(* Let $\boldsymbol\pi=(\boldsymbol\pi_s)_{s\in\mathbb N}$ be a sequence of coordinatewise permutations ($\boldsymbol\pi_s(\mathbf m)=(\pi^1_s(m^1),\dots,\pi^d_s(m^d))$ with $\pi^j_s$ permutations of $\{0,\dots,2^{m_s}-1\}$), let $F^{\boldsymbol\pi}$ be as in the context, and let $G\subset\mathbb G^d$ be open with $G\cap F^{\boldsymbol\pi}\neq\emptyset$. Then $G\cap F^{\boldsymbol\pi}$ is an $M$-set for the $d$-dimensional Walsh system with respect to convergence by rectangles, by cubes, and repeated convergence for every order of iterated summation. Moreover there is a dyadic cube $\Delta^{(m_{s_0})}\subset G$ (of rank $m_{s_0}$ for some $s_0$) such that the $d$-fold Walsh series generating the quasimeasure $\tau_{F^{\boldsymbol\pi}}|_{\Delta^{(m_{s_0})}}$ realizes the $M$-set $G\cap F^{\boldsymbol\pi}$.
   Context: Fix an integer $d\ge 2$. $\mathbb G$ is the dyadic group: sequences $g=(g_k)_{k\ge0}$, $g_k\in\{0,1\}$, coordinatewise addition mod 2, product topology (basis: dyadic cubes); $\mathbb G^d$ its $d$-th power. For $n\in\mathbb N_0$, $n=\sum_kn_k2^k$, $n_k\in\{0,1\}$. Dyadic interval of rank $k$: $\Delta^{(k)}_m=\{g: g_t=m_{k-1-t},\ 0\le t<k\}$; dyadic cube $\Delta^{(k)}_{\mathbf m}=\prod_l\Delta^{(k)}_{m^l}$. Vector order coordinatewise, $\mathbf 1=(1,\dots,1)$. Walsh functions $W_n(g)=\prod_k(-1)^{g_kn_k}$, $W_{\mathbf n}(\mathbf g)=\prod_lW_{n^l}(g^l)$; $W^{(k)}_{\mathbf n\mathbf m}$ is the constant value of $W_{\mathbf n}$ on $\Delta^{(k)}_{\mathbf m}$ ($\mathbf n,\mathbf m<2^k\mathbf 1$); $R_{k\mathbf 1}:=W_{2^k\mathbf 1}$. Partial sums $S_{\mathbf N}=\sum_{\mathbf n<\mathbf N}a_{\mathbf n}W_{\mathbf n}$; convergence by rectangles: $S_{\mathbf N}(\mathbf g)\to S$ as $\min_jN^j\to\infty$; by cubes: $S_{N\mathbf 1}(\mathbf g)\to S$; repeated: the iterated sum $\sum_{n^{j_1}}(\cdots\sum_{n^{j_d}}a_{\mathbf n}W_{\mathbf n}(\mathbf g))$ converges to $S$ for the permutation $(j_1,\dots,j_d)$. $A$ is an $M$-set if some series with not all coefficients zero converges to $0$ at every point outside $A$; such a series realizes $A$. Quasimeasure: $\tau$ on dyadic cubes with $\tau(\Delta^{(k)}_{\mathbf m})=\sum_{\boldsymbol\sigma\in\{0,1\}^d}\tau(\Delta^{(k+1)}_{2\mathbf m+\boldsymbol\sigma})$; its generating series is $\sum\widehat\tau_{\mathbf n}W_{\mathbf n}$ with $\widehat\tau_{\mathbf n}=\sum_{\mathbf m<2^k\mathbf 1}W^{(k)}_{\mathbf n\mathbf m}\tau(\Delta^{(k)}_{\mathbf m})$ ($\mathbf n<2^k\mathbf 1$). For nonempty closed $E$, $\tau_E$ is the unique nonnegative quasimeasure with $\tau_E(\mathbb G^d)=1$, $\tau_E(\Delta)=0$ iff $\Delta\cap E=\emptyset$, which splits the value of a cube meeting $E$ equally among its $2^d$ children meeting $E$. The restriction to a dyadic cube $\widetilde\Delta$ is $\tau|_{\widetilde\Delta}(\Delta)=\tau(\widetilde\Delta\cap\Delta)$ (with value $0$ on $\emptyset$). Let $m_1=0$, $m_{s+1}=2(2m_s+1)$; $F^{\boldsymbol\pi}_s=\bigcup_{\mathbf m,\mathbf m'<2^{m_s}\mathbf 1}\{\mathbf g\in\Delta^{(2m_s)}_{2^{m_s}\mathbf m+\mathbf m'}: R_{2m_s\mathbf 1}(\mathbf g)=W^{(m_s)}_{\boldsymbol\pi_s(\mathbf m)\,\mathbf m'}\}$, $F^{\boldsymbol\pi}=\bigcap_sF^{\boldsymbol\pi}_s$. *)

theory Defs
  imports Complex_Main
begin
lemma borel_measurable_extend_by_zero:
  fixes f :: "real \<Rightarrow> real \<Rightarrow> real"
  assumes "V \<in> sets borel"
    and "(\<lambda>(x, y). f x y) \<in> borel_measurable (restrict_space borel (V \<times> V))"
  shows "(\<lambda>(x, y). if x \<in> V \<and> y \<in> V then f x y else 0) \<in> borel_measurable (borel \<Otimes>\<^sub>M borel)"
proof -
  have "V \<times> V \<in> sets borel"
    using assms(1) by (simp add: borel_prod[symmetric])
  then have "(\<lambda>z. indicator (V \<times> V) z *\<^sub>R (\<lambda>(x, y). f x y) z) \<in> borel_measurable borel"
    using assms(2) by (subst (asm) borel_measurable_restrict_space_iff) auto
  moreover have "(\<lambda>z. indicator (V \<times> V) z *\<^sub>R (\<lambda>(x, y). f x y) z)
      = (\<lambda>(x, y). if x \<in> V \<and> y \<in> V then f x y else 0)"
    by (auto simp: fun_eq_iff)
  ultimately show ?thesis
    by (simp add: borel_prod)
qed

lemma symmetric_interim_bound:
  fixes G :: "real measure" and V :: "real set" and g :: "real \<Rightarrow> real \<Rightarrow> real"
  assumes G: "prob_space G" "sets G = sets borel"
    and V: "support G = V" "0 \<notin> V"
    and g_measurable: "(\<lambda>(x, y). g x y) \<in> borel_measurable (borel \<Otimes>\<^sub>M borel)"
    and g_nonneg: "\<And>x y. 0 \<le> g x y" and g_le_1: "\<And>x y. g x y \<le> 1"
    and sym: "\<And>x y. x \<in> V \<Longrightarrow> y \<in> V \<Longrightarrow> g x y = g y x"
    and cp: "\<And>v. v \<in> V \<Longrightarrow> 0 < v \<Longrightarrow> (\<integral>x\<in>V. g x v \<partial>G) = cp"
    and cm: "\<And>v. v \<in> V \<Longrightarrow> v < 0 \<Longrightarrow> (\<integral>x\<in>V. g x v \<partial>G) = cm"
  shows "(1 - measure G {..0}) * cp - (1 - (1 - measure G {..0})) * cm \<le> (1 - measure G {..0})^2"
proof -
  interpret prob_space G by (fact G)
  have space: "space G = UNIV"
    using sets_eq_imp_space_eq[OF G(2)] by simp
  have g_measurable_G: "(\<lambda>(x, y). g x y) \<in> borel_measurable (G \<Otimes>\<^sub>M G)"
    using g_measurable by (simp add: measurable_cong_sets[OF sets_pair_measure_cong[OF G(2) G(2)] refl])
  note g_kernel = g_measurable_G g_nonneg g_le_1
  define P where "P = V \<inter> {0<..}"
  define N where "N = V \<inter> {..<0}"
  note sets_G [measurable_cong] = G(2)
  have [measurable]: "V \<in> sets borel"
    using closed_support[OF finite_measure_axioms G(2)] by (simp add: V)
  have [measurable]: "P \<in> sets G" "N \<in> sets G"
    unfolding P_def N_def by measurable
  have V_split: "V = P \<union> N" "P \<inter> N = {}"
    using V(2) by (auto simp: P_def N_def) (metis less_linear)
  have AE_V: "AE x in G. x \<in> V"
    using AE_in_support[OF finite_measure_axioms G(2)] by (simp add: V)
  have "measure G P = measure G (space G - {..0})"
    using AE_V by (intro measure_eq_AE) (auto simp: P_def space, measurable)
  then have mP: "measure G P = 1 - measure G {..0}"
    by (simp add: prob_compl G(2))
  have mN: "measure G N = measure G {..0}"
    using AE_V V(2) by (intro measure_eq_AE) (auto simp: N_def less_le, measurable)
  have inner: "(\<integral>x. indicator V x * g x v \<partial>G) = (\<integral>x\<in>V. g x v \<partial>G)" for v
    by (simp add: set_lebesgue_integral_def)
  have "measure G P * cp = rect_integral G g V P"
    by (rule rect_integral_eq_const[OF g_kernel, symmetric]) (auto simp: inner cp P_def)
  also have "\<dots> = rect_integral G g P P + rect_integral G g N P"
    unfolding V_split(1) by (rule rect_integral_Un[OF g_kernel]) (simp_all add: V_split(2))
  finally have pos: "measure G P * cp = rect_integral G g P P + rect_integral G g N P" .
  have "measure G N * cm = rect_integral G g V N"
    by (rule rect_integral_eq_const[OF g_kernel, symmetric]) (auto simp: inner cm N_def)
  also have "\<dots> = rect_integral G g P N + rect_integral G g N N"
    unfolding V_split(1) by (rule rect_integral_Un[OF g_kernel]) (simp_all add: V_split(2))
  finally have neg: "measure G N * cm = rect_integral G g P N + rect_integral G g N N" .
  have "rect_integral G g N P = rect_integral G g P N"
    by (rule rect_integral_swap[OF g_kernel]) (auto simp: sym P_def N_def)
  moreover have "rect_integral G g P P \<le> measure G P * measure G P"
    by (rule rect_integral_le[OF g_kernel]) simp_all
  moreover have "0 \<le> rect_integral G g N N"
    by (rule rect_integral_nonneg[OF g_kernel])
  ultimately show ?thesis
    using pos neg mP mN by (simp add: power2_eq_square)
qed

· · · ·

__Problem details__. Lines of the material may hold the string "indicator". Copy each one that does.

__Answer space__.
  then have "(\<lambda>z. indicator (V \<times> V) z *\<^sub>R (\<lambda>(x, y). f x y) z) \<in> borel_measurable borel"
  moreover have "(\<lambda>z. indicator (V \<times> V) z *\<^sub>R (\<lambda>(x, y). f x y) z)
  have inner: "(\<integral>x. indicator V x * g x v \<partial>G) = (\<integral>x\<in>V. g x v \<partial>G)" for v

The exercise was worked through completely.